Protein Motif這個(gè)概念比較混亂，需要在這里特別說(shuō)明。在生物化學(xué)中，一個(gè)比較清晰的英文定義是這樣給出的：

”P(pán)rotein motifs are small regions of protein three-dimensional structure or amino acid sequence shared among different proteins. They are recognizable regions of protein structure that may (or may not) be defined by a unique chemical or biological function.” (https://bio.libretexts.org/Bookshelves/Cell_and_Molecular_Biology/Book%3A_Basic_Cell_and_Molecular_Biology_(Bergtrom)/03%3A_Details_of_Protein_Structure/3.06%3A_Protein_Domains_Motifs_and_Folds_in_Protein_Structure))

翻譯成中文即為 “蛋白質(zhì)模體是不同蛋白質(zhì)中共有的、小區(qū)域的蛋白質(zhì)三維結(jié)構(gòu)或是氨基酸序列。它們是蛋白質(zhì)結(jié)構(gòu)中可被識(shí)別的區(qū)域，可能(或可能不)具備生物學(xué)功能?！币虼?，我們可以大致理解為結(jié)構(gòu)特別、可能具備一定功能的小的氨基酸序列，這個(gè)適用范圍是所有的蛋白質(zhì)的。而在基因家族分析中，它所適應(yīng)的范圍是我們所鑒定的基因家族內(nèi)部的所有蛋白質(zhì)，需要得到的模體短而保守，并可能具備一定的功能，從而借此呈現(xiàn)不同蛋白質(zhì)間的進(jìn)化關(guān)系。

在明細(xì)概念后，我們就可以進(jìn)行分析了。這里使用meme這款軟件在使用conda安裝后進(jìn)行本地化分析，當(dāng)然它也有網(wǎng)頁(yè)版的，但是靈活度上講我個(gè)人還是推薦本地分析。在這里的腳本中，我們使用之前鑒定得到的SBT家族蛋白質(zhì)序列。但是同樣為了美觀，我們要把蛋白質(zhì)序列中的序列號(hào)“.1”刪去。隨后使用meme鑒定motif。輸出的結(jié)果存放地址可以通過(guò)參數(shù)指定。此外，我在這里還通過(guò)seqtk comp生成了一個(gè)統(tǒng)計(jì)各個(gè)蛋白質(zhì)長(zhǎng)度的文件，這是為之后我們可視化蛋白質(zhì)模體分布服務(wù)的。

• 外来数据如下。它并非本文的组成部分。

lemma sum_le_by_double_counting:
  fixes c :: "'a \<Rightarrow> real" and S :: "'a \<Rightarrow> 'b set" and \<delta> :: real
  assumes "finite A" and "finite Om" and "Om \<noteq> {}" and "0 < \<delta>"
    and nonneg: "\<And>e. e \<in> A \<Longrightarrow> 0 \<le> c e"
    and large: "\<And>e. e \<in> A \<Longrightarrow> S e \<subseteq> Om \<and> \<delta> * card Om \<le> card (S e)"
    and light: "\<And>w. w \<in> Om \<Longrightarrow> sum c {e\<in>A. w \<in> S e} \<le> D"
  shows "sum c A \<le> D / \<delta>"
proof -
  have "\<delta> * card Om * sum c A = (\<Sum>e\<in>A. c e * (\<delta> * card Om))"
    by (simp add: sum_distrib_right mult.commute)
  also have "\<dots> \<le> (\<Sum>e\<in>A. c e * card (S e))"
    by (intro sum_mono mult_left_mono) (use nonneg large in auto)
  also have "\<dots> = (\<Sum>e\<in>A. \<Sum>w\<in>{w\<in>Om. w \<in> S e}. c e)"
    using large by (intro sum.cong refl) (simp add: Collect_conj_eq Int_absorb1)
  also have "\<dots> = (\<Sum>w\<in>Om. sum c {e\<in>A. w \<in> S e})"
    by (rule sum.swap_restrict) (use assms in auto)
  also have "\<dots> \<le> card Om * D"
    using sum_mono[of Om _ "\<lambda>_. D"] light by simp
  finally have "\<delta> * sum c A \<le> D"
    using assms(2,3) by (simp add: card_gt_0_iff mult.assoc)
  then show ?thesis
    using \<open>0 < \<delta>\<close> by (simp add: field_simps)
qed

lemma sorted_key_prefix:
  fixes key :: "'a \<Rightarrow> 'b::linorder"
  assumes "sorted (map key xs)"
  obtains n where "set (take n xs) = {x \<in> set xs. key x \<le> t}"
proof
  from assms
  have takeWhile_filter: "takeWhile (\<lambda>x. key x \<le> t) xs = filter (\<lambda>x. key x \<le> t) xs"
  proof (induction xs)
    case (Cons a xs)
    then have a_least: "\<forall>x\<in>set xs. key a \<le> key x"
      and IH: "takeWhile (\<lambda>x. key x \<le> t) xs = filter (\<lambda>x. key x \<le> t) xs"
      by simp_all
    show ?case
    proof (cases "key a \<le> t")
      case False
      have "\<not> key x \<le> t" if "x \<in> set xs" for x
        using a_least that False by (meson order_trans)
      with False show ?thesis
        by (simp add: filter_empty_conv)
    qed (simp add: IH)
  qed simp
  show "set (take (length (takeWhile (\<lambda>x. key x \<le> t) xs)) xs) = {x \<in> set xs. key x \<le> t}"
    using takeWhile_eq_take[of "\<lambda>x. key x \<le> t" xs] takeWhile_filter by simp
qed

locale ssc_policy =
  fixes U :: "nat set" and f :: "nat set \<Rightarrow> nat" and I Om :: "nat set"
    and c p :: "nat \<Rightarrow> real" and X :: "nat \<Rightarrow> nat \<Rightarrow> nat" and \<delta> :: real and \<pi> :: policy
  assumes ssc: "ssc_instance U f I Om c p X"
    and delta_pos: "0 < \<delta>"
    and valid: "adaptive_valid U f I Om X \<pi>"
begin

lemma finite_I: "finite I" and finite_Om: "finite Om" and Om_nonempty: "Om \<noteq> {}"
  and cost_nonneg: "\<And>e. e \<in> I \<Longrightarrow> 0 \<le> c e"
  and prob_nonneg: "\<And>w. w \<in> Om \<Longrightarrow> 0 \<le> p w"
  and realization_in_U: "\<And>e w. e \<in> I \<Longrightarrow> w \<in> Om \<Longrightarrow> X e w \<in> U"
  and f_mono: "\<And>A B. A \<subseteq> B \<Longrightarrow> B \<subseteq> U \<Longrightarrow> f A \<le> f B"
  using ssc unfolding ssc_instance_def by (auto intro: less_imp_le)

abbreviation probe :: "nat \<Rightarrow> nat \<Rightarrow> nat" where
  "probe w k \<equiv> \<pi> (hist \<pi> X w k)"

definition cover_time :: "nat \<Rightarrow> nat" where
  "cover_time w = (LEAST k. full_covered U f \<pi> X w k)"

definition hist_class :: "nat \<Rightarrow> nat \<Rightarrow> nat set" where
  "hist_class w k = {w' \<in> Om. hist \<pi> X w' k = hist \<pi> X w k}"

definition trunc_depth :: "nat \<Rightarrow> nat" where
  "trunc_depth w = (LEAST k. k = cover_time w \<or> card (hist_class w k) < \<delta> * card Om)"

definition trunc_items :: "nat \<Rightarrow> nat set" where
  "trunc_items w = probe w ` {..<trunc_depth w}"

definition trunc_cost :: "nat \<Rightarrow> real" where
  "trunc_cost w = sum c (trunc_items w)"

lemma trunc_depth_le_cover_time: "trunc_depth w \<le> cover_time w"
  unfolding trunc_depth_def by (rule Least_le) simp

lemma trunc_depth_cases:
  "trunc_depth w = cover_time w \<or> card (hist_class w (trunc_depth w)) < \<delta> * card Om"
  unfolding trunc_depth_def by (rule LeastI[where k = "cover_time w"]) simp

lemma hist_class_large:
  "k < trunc_depth w \<Longrightarrow> \<delta> * card Om \<le> card (hist_class w k)"
  using not_less_Least[of k "\<lambda>k. k = cover_time w \<or> card (hist_class w k) < \<delta> * card Om"]
  unfolding trunc_depth_def by auto

lemma probe_in_I: "w \<in> Om \<Longrightarrow> k < cover_time w \<Longrightarrow> probe w k \<in> I"
  using adaptive_valid_cover_time(2)[OF valid] unfolding cover_time_def by blast

lemma trunc_items_subset: "w \<in> Om \<Longrightarrow> trunc_items w \<subseteq> I"
  unfolding trunc_items_def using probe_in_I trunc_depth_le_cover_time
  by (auto intro: less_le_trans)

lemma trunc_cost_nonneg: "w \<in> Om \<Longrightarrow> 0 \<le> trunc_cost w"
  unfolding trunc_cost_def using trunc_items_subset cost_nonneg by (intro sum_nonneg) auto
lemma mzv_eq_lim:
  assumes lim: "(\<lambda>N. mzv_trunc N (rev k)) \<longlonglongrightarrow> T" and bound: "\<And>N. mzv_trunc N (rev k) \<le> T"
  shows "mzv k = T"
proof -
  have "bdd_above (sum (mzv_term k) ` {F. F \<subseteq> mzv_domain k \<and> finite F})"
  proof (rule bdd_aboveI2)
    fix F assume F: "F \<in> {F. F \<subseteq> mzv_domain k \<and> finite F}"
    then have "F \<subseteq> mzv_domain_below k (Suc (\<Sum>n\<in>F. sum_list n))"
      by (intro subset_mzv_domain_below) auto
    then have "sum (mzv_term k) F \<le> sum (mzv_term k) (mzv_domain_below k (Suc (\<Sum>n\<in>F. sum_list n)))"
      by (intro sum_mono2 finite_mzv_domain_below mzv_term_nonneg)
    also have "\<dots> \<le> T" using bound by (simp add: sum_mzv_term_below)
    finally show "sum (mzv_term k) F \<le> T" .
  qed
  then have "mzv_term k summable_on mzv_domain k"
    by (intro nonneg_bdd_above_summable_on) (simp add: mzv_term_nonneg)
  then have "(sum (mzv_term k) \<longlongrightarrow> infsum (mzv_term k) (mzv_domain k)) (finite_subsets_at_top (mzv_domain k))"
    using has_sum_infsum by (simp add: has_sum_def)
  moreover have "filterlim (mzv_domain_below k) (finite_subsets_at_top (mzv_domain k)) sequentially"
    unfolding filterlim_finite_subsets_at_top
  proof (intro allI impI)
    fix X assume X: "finite X \<and> X \<subseteq> mzv_domain k"
    show "eventually (\<lambda>N. finite (mzv_domain_below k N) \<and> X \<subseteq> mzv_domain_below k N
        \<and> mzv_domain_below k N \<subseteq> mzv_domain k) sequentially"
      unfolding eventually_sequentially
      using X subset_mzv_domain_below[of X k] finite_mzv_domain_below[of k]
      by (intro exI[of _ "Suc (\<Sum>n\<in>X. sum_list n)"]) (auto simp: mzv_domain_below_def)
  qed
  ultimately have "(\<lambda>N. sum (mzv_term k) (mzv_domain_below k N)) \<longlonglongrightarrow> infsum (mzv_term k) (mzv_domain k)"
    by (rule filterlim_compose)
  then have "infsum (mzv_term k) (mzv_domain k) = T"
    using lim by (simp add: sum_mzv_term_below LIMSEQ_unique)
  then show ?thesis unfolding mzv_def mzv_domain_def mzv_term_def .
qed

lemma mzv_trunc_Cons_eq_sum: "0 < a \<Longrightarrow> mzv_trunc N (a # r) = (\<Sum>m<N. mzv_trunc m r / real m ^ a)"
  by (simp, rule sum.mono_neutral_left) auto

declare mzv_trunc.simps(2) [simp del]

lemma mzv_term_le_harm_majorant:
  assumes "2 \<le> a" "is_index r" "N \<le> m"
  shows "mzv_trunc m r / real m ^ a * (1 + harm_below N) ^ D \<le> harm_majorant (length r + D) m"
proof (cases "m = 0")
  case False
  have "mzv_trunc m r \<le> (1 + harm_below m) ^ length r"
    using assms(2) harm_below_nonneg[of m]
    by (intro order_trans[OF mzv_trunc_le_harm_below_power power_mono]) auto
  moreover have "(1 + harm_below N) ^ D \<le> (1 + harm_below m) ^ D"
    using assms(3) harm_below_nonneg[of N] by (intro power_mono harm_below_mono) (auto intro: harm_below_mono)
  moreover have "1 / real m ^ a \<le> 1 / real m ^ 2"
    using False assms(1) by (intro divide_left_mono power_increasing) auto
  ultimately have "mzv_trunc m r * (1 / real m ^ a) * (1 + harm_below N) ^ D
      \<le> (1 + harm_below m) ^ length r * (1 / real m ^ 2) * (1 + harm_below m) ^ D"
    using harm_below_nonneg[of N] mzv_trunc_nonneg[of m r]
    by (intro mult_mono) (auto intro!: mult_nonneg_nonneg)
  then show ?thesis by (simp add: harm_majorant_def power_add)
qed (use assms(1) in \<open>simp add: harm_majorant_def power_0_left\<close>)

lemma mzv_admissible_sums:
  assumes "2 \<le> a" "is_index r"
  shows "(\<lambda>m. mzv_trunc m r / real m ^ a) sums mzv (rev (a # r))"
proof -
  let ?g = "\<lambda>m. mzv_trunc m r / real m ^ a"
  have "summable ?g"
  proof (rule summable_comparison_test'[OF summable_harm_majorant[of "length r"]])
    fix m :: nat
    show "norm (?g m) \<le> harm_majorant (length r) m"
      using mzv_term_le_harm_majorant[OF assms, of 0 m 0] mzv_trunc_nonneg[of m r] by simp
  qed
  moreover have "mzv (rev (a # r)) = suminf ?g"
  proof (rule mzv_eq_lim)
    show "(\<lambda>N. mzv_trunc N (rev (rev (a # r)))) \<longlonglongrightarrow> suminf ?g"
      using summable_LIMSEQ[OF \<open>summable ?g\<close>] assms(1) by (simp add: mzv_trunc_Cons_eq_sum)
    show "mzv_trunc N (rev (rev (a # r))) \<le> suminf ?g" for N
      using \<open>summable ?g\<close> assms(1) mzv_trunc_nonneg
      by (simp add: mzv_trunc_Cons_eq_sum sum_le_suminf)
  qed
  ultimately show ?thesis by (simp add: summable_sums)
qed

lemma mzv_minus_mzv_trunc_bound:
  fixes N D :: nat
  assumes "2 \<le> a" "is_index r"
  defines "\<delta> \<equiv> mzv (rev (a # r)) - mzv_trunc N (a # r)"
  shows "0 \<le> \<delta>" and "\<delta> * (1 + harm_below N) ^ D \<le> (\<Sum>n. harm_majorant (length r + D) (n + N))"
proof -
  let ?g = "\<lambda>m. mzv_trunc m r / real m ^ a"
  have sums: "?g sums mzv (rev (a # r))" by (rule mzv_admissible_sums[OF assms(1,2)])
  have tail: "\<delta> = (\<Sum>n. ?g (n + N))"
    using suminf_minus_initial_segment[OF sums_summable[OF sums], of N] sums_unique[OF sums] assms(1)
    by (simp add: \<delta>_def mzv_trunc_Cons_eq_sum)
  show "0 \<le> \<delta>"
    unfolding tail using summable_ignore_initial_segment[OF sums_summable[OF sums]] mzv_trunc_nonneg
    by (intro suminf_nonneg) auto
  have "\<delta> * (1 + harm_below N) ^ D = (\<Sum>n. ?g (n + N) * (1 + harm_below N) ^ D)"
    unfolding tail using summable_ignore_initial_segment[OF sums_summable[OF sums]]
    by (rule suminf_mult2)
  also have "\<dots> \<le> (\<Sum>n. harm_majorant (length r + D) (n + N))"
  proof (rule suminf_le)
    show "?g (n + N) * (1 + harm_below N) ^ D \<le> harm_majorant (length r + D) (n + N)" for n
      by (rule mzv_term_le_harm_majorant[OF assms(1,2)]) simp
    show "summable (\<lambda>n. ?g (n + N) * (1 + harm_below N) ^ D)"
      by (rule summable_mult2, rule summable_ignore_initial_segment[OF sums_summable[OF sums]])
    show "summable (\<lambda>n. harm_majorant (length r + D) (n + N))"
      by (rule summable_ignore_initial_segment[OF summable_harm_majorant])
  qed
  finally show "\<delta> * (1 + harm_below N) ^ D \<le> (\<Sum>n. harm_majorant (length r + D) (n + N))" .
qed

在meme輸出的文件夾中存放了不同類型的文件。其中以.png結(jié)尾的即為各個(gè)模體的seqlogo圖。模體的網(wǎng)頁(yè)版報(bào)告可以通過(guò).html結(jié)尾文件查看。而我們需要的信息存放在以.txtx結(jié)尾的文件中。由于該文件十分復(fù)雜，而我們想要提取想要的信息，需要依靠特殊的腳本解決，這里提供一個(gè)思路（python 處理）：

#!/usr/bin/env python

import re
import argparse

parser = argparse.ArgumentParser(description='meme file stat')
parser.add_argument('-i', '--input_file', type=str, required=True, metavar='<file name>',
                    help='Input txt file the meme outputs, i.e., meme.txt')
parser.add_argument('-o', '--output_file', type=str, required=True, metavar='<file name>', help='output stat file')
args = parser.parse_args()

content = []
motif_order = 1
pattern1 = "Motif ([A-Z]+) MEME-[0-9]+ sites sorted by position p-value"
pattern2 = "Aco[0-9]+\s+[0-9]+\s+[0-9]+\.[0-9]+e-[0-9]+\s+[A-Z]+\s+[A-Z]+\s+[A-Z]+"
Motif_info_dict = {}
Motif_sample_dict = {}
seq_motif_info_all = []

with open(args.input_file) as f:
    while True:
        content_list = f.readline()

        if not content_list:
            break
        else:
            content_list = content_list.replace("\t", "").replace("\n", "")
            if re.search("\+s", content_list):
                continue

        if re.search(pattern1, content_list):
            match = re.findall(pattern1, content_list)
            Motif_name = "Motif" + str(motif_order)
            motif_order = int(motif_order) + 1
            Motif_sample_dict["seq"] = match[0]
            Motif_sample_dict["length"] = len(match[0])
            Motif_info_dict[Motif_name] = Motif_sample_dict

        if re.search(pattern2, content_list):
            protein_motif_info_list = re.split("\s+", content_list)
            seq_name = protein_motif_info_list[0]
            seq_start = int(protein_motif_info_list[1])
            seq_end = int(Motif_sample_dict["length"]) + int(seq_start) - 1
            seq_motif = Motif_name
            seq_motif_seq = str(protein_motif_info_list[4])
            seq_motif_info = [seq_name, seq_motif, seq_start, seq_end, seq_motif_seq]
            seq_motif_info_all.append(seq_motif_info)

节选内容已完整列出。